(Records shown Opens)
(* Let $\Gamma$ be a finite undirected simple graph with vertex set $\{x_1,\dots,x_n\}$ whose maximal vertex degree equals $n-2$ and such that exactly one vertex has degree $n-2$. Then the associated group $G_\Gamma$ has the $R_\infty$-property.
   Context: For a finite undirected simple graph $\Gamma$ with vertex set $\{x_1,\dots,x_n\}$ and edge set $E$, the group $G_\Gamma$ is defined by the presentation with generators $x_1,\dots,x_n$ and $y_{i,j}$ for each pair $i<j$ with $x_ix_j\notin E$, and relations $[x_j,x_i]=1$ if $x_ix_j\in E$; $[x_j,x_i]=y_{i,j}$ if $x_ix_j\notin E$ and $i<j$; and $[x_l,y_{i,j}]=1$ for all $l$ and all such $y_{i,j}$. For a group $G$ and $\varphi\in\mathrm{Aut}(G)$, elements $a,b$ are $\varphi$-conjugate if $a=cb\varphi(c)^{-1}$ for some $c\in G$; the number $R(\varphi)\in\mathbb{N}_0\cup\{\infty\}$ of equivalence classes is the Reidemeister number. The Reidemeister spectrum is $\mathrm{Spec}_R(G)=\{R(\varphi):\varphi\in\mathrm{Aut}(G)\}$, and $G$ has the $R_\infty$-property if $\mathrm{Spec}_R(G)=\{\infty\}$. Here $\mathbb{N}_0$ denotes the positive integers. *)

theory Defs
  imports "HOL-Algebra.Group"
begin

text \<open>A word over a generator type is a list of letters (g, b), where b = True
  marks the inverse letter g^-1.\<close>

type_synonym 'g word = "('g \<times> bool) list"

definition words_over :: "'g set \<Rightarrow> 'g word set" where
  "words_over S = {w. \<forall>l\<in>set w. fst l \<in> S}"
(Records shown Closes)
Task details —
If a line in the material holds "where", copy it.

Solved problem —
text \<open>A word over a generator type is a list of letters (g, b), where b = True
definition words_over :: "'g set \<Rightarrow> 'g word set" where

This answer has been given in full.